- Founded: 1997; 29 years ago
- University: Fairfield University
- Head coach: Laura Field (since 2011 season)
- Stadium: Conway Field at Rafferty Stadium (capacity: 3,500)
- Location: Fairfield, Connecticut
- Conference: Metro Atlantic Athletic Conference
- Nickname: Stags
- Colors: Red

NCAA Tournament appearances
- 2009, 2015, 2018, 2019, 2021, 2022, 2023, 2024, 2025, 2026

Conference Tournament championships
- 2001, 2009, 2015, 2018, 2019, 2021, 2022, 2023, 2025, 2026

Conference regular season championships
- 1999, 2001, 2002, 2003, 2008, 2009, 2010, 2011, 2012, 2014, 2018, 2019, 2021, 2023, 2024, 2025, 2026

= Fairfield Stags women's lacrosse =

Lacrosse team

The Fairfield Stags women's lacrosse team is an NCAA Division I college lacrosse team representing Fairfield University as part of the Metro Atlantic Athletic Conference (MAAC).
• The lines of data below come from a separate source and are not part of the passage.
lemma frozen_class_closed: "closed_set S q\<gamma> (frozen_class b)"
  unfolding closed_set_def
proof (intro conjI ballI)
  show "frozen_class b \<subseteq> S" by (auto simp: frozen_class_def)
  fix x y assume x: "x \<in> frozen_class b" and y: "y \<in> S - frozen_class b"
  then obtain l where l: "l \<in> B" "y l \<noteq> x l" by (auto simp: frozen_class_def)
  have "(if y = x(i := x i + 1) then arrival i else 0) = 0" for i
    using ra_into_B(1)[of i] l by (cases "i \<in> B") (auto simp: arrival_def split: if_splits)
  moreover have "(if i \<noteq> j \<and> 0 < x j \<and> y = x(j := x j - 1, i := x i + 1) then service j (x j) * ra j i else 0) = 0"
    if "j \<in> {1..J}" for i j
  proof (cases "j \<in> B")
    case False
    then have "j \<in> W" using that by (auto simp: Wset_def)
    then show ?thesis using ra_into_B(2)[of i j] l False by (cases "i \<in> B") (auto split: if_splits)
  qed (simp add: service_def gamma_B)
  moreover have "(if 0 < x j \<and> y = x(j := x j - 1) then service j (x j) * ra j 0 else 0) = 0" for j
    using l by (cases "j \<in> B") (auto simp: service_def gamma_B split: if_splits)
  ultimately show "q\<gamma> x y = 0"
    unfolding q\<gamma>_eq jackson_q_def by simp
qed

lemma not_irreducible:
  assumes "B \<noteq> {}"
  shows "\<not> irreducible_ctmc S q\<gamma>"
proof
  assume irr: "irreducible_ctmc S q\<gamma>"
  obtain j where j: "j \<in> B" using assms by auto
  let ?y = "(\<lambda>_. 0::nat)(j := 1)"
  have zero: "(\<lambda>_. 0) \<in> frozen_class (\<lambda>_. 0)" by (simp add: frozen_class_def jstates_def)
  have "?y \<in> S" using j B_subset by (auto simp: jstates_def)
  then have "((\<lambda>_. 0), ?y) \<in> (trans_rel S q\<gamma>)\<^sup>*"
    using irr by (simp add: irreducible_ctmc_def jstates_def)
  then have "?y \<in> frozen_class (\<lambda>_. 0)" by (rule closed_set_rtrancl[OF frozen_class_closed _ zero])
  then show False using j by (auto simp: frozen_class_def)
qed

lemma infinite_frozen_classes:
  assumes "B \<noteq> {}"
  shows "infinite {frozen_class b | b. b \<in> S}"
proof
  assume fin: "finite {frozen_class b | b. b \<in> S}"
  obtain j where j: "j \<in> B" using assms by auto
  then have jJ: "j \<in> {1..J}" using B_subset by auto
  let ?e = "\<lambda>k::nat. (\<lambda>_. 0::nat)(j := k)"
  have e_in: "?e k \<in> S" for k using jJ by (simp add: jstates_def)
  have "range (\<lambda>k. frozen_class (?e k)) \<subseteq> {frozen_class b | b. b \<in> S}" using e_in by blast
  then have "finite (range (\<lambda>k. frozen_class (?e k)))" using fin finite_subset by blast
  moreover have "inj (\<lambda>k. frozen_class (?e k))"
  proof (rule injI)
    fix k k' assume eq: "frozen_class (?e k) = frozen_class (?e k')"
    have "?e k \<in> frozen_class (?e k)" using e_in by (simp add: frozen_class_def)
    then have "?e k \<in> frozen_class (?e k')" by (simp only: eq)
    then show "k = k'" using j by (auto simp: frozen_class_def)
  qed
  ultimately show False using finite_imageD by (metis infinite_UNIV_nat)
qed

lemma outflow_eq: "jackson_outflow J arrival service ra x
    = \<beta> * lam * (1 - ra 0 0) + (\<Sum>j\<in>{1..J}. if 0 < x j then service j (x j) * (1 - ra j j) else 0)"
  using sum_arrival jackson_outflow_eq[of J ra arrival service x] ra_row by simp

lemma service_terms_nonneg: "j \<in> {1..J} \<Longrightarrow> 0 \<le> (if 0 < x j then service j (x j) * (1 - ra j j) else 0)"
  using rates.s_nonneg ra_le_1[of j j] by simp

lemma outflow_nonneg: "0 \<le> jackson_outflow J arrival service ra x"
  unfolding outflow_eq using beta_pos lam_pos ra_le_1[of 0 0] service_terms_nonneg
  by (intro add_nonneg_nonneg sum_nonneg) auto

lemma \<xi>_pos: "0 < \<xi> z"
  unfolding jackson_xi_def using node_factor_pos by (intro prod_pos) auto

lemma \<xi>_has_sum: "(\<xi> has_sum 1) S"
  using xi_stationary by (simp add: stationary_dist_def)

lemma service_has_sum_throughput:
  assumes j: "j \<in> {1..J}"
  shows "((\<lambda>z. if 0 < z j then \<xi> z * service j (z j) else 0) has_sum throughput j) S"
proof -
  let ?h = "\<lambda>z. if 0 < z j then \<xi> z * service j (z j) else 0"
  let ?g = "\<lambda>y::nat \<Rightarrow> nat. y(j := y j + 1)"
  have inj: "inj_on ?g S"
    by (rule inj_onI) (metis fun_upd_idem_iff fun_upd_upd fun_upd_same add_right_cancel)
  have "(?h \<circ> ?g) = (\<lambda>y. throughput j * \<xi> y)"
    using product_form_local_balance[OF j, of blocked_marginal] by (auto simp: xi_eq_product_form)
  then have "((?h \<circ> ?g) has_sum throughput j) S"
    using has_sum_cmult_right[OF \<xi>_has_sum, of "throughput j"] by simp
  then have on_image: "(?h has_sum throughput j) (?g ` S)" using has_sum_reindex[OF inj] by blast
  have "(?h has_sum throughput j) (?g ` S) \<longleftrightarrow> (?h has_sum throughput j) S"
  proof (rule has_sum_cong_neutral)
    fix z assume z: "z \<in> S - ?g ` S"
    show "?h z = 0"
    proof (cases "0 < z j")
      case True
      then have "z = ?g (z(j := z j - 1))" by auto
      moreover have "z(j := z j - 1) \<in> S" using z fun_upd_in_jstates[OF _ j] by auto
      ultimately show ?thesis using z by blast
    qed simp
  qed (use fun_upd_in_jstates[OF _ j] in auto)
  then show ?thesis using on_image by simp
qed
They play their home games at Conway Field at Rafferty Stadium in Fairfield, Connecticut.

==History==
The Stags women's lacrosse program began play in the 1997 season, going 7-7 in its first season. Fairfield has made NCAA tournament appearances in 2009, 2015, 2018, 2019, 2021, 2022, 2023, 2024, 2025, and 2026.

In 2024, Fairfield lost to Niagara in the finals of the MAAC tournament, with Niagara earning the conference's automatic bid to the NCAA tournament. Despite the loss, Fairfield received the program's first-ever at-large bid to the NCAA tournament. The selection also marked the first time the MAAC sent two teams to the tournament in the same season.

Fairfield has only reached the NCAA tournament second round one time, winning the first round over Sacred Heart in 2009. Since that victory, the Stags are 0-10 in the NCAA tournament through 2026.

Under head coach Laura Field, Fairfield has emerged as one of the top programs in the MAAC. Field, the winningest coach in program history, has led the Stags to multiple MAAC championships and consecutive NCAA tournament appearances. During her tenure, Fairfield has also earned a national ranking for the first time in 15 years and recorded the program's first victories over nationally ranked opponents. Field was named the MAAC Coach of the Year in both 2023 and 2024. In 2026, she was inducted into the Connecticut Lacrosse Foundation Hall of Fame in recognition of her success and contributions to the sport.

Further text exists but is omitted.